Requirement: Return, exactly, the line that contains "then show ?thesis" together with all lines after it to the end of the entries, and no further lines.

Given records:
lemma tensor_mult_assoc:
  fixes act :: "'a \<Rightarrow> 'c::semigroup_mult \<Rightarrow> 'a"
  assumes "\<forall>t c e. act (act t c) e = act t (c * e)"
  shows "tensor_mult act (tensor_mult act w a) (b :: ('c \<times> 'b::semigroup_mult) list)
       = tensor_mult act w (tensor_mult (*) a b)"
proof (induction w)
  case Nil
  then show ?case by (simp add: tensor_mult_def)
next
  case (Cons p w)
  have "tensor_mult act (map (\<lambda>(c,d). (act (fst p) c, snd p * d)) a) b =
        map (\<lambda>(c,d). (act (fst p) c, snd p * d)) (tensor_mult (*) a b)"
    by (induction a) (auto simp: tensor_mult_def assms mult.assoc)
  then show ?case using Cons by (auto simp: tensor_mult_def case_prod_unfold)
qed

lemma tensor_mult_one_left: "tensor_mult (*) [(1::'a::monoid_mult, 1::'b::monoid_mult)] z = z"
  by (induction z) (auto simp: tensor_mult_def)

lemma module_units_differ_by_unit:
  assumes act_one: "\<forall>t. act t 1 = t"
    and act_assoc: "\<forall>t x y. act (act t x) y = act t (x * y)"
    and u0: "u0 \<in> module_units act" and u: "u \<in> module_units act"
  obtains x y where "act u0 x = u" "x * y = 1" "y * x = 1"
proof -
  have bij_u0: "bij (act u0)" and bij_u: "bij (act u)"
    using u0 u by (simp_all add: module_units_def)
  obtain x where x: "act u0 x = u" using bij_u0 by (metis bij_pointE)
  obtain y where y: "act u y = u0" using bij_u by (metis bij_pointE)
  have "act u0 (x * y) = act u0 1" using act_assoc act_one x y by metis
  then have "x * y = 1" using bij_u0 by (auto dest: bij_is_inj injD)
  moreover have "act u (y * x) = act u 1" using act_assoc act_one x y by metis
  then have "y * x = 1" using bij_u by (auto dest: bij_is_inj injD)
  ultimately show thesis using x that by blast
qed

text \<open>The coaction of a comodule algebra is multiplicative and unital, so it maps
  mutually inverse elements of E to mutually inverse tensors in E \<otimes> H.\<close>
lemma comodule_algebra_inverse:
  assumes "comodule_algebra sH \<Delta> \<epsilon> sE \<Delta>E" and "x * y = 1"
  shows "tensor_eq2 sE sH (tensor_mult (*) (\<Delta>E x) (\<Delta>E y)) [(1, 1)]"
proof -
  have "tensor_eq2 sE sH (\<Delta>E (x * y)) (tensor_mult (*) (\<Delta>E x) (\<Delta>E y))"
    and "tensor_eq2 sE sH (\<Delta>E 1) [(1, 1)]"
    using assms(1) by (auto simp: comodule_algebra_def)
  then show ?thesis using assms(2) by (metis tensor_eq2_sym tensor_eq2_trans)
qed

Written response:
  then show ?thesis using assms(2) by (metis tensor_eq2_sym tensor_eq2_trans)
qed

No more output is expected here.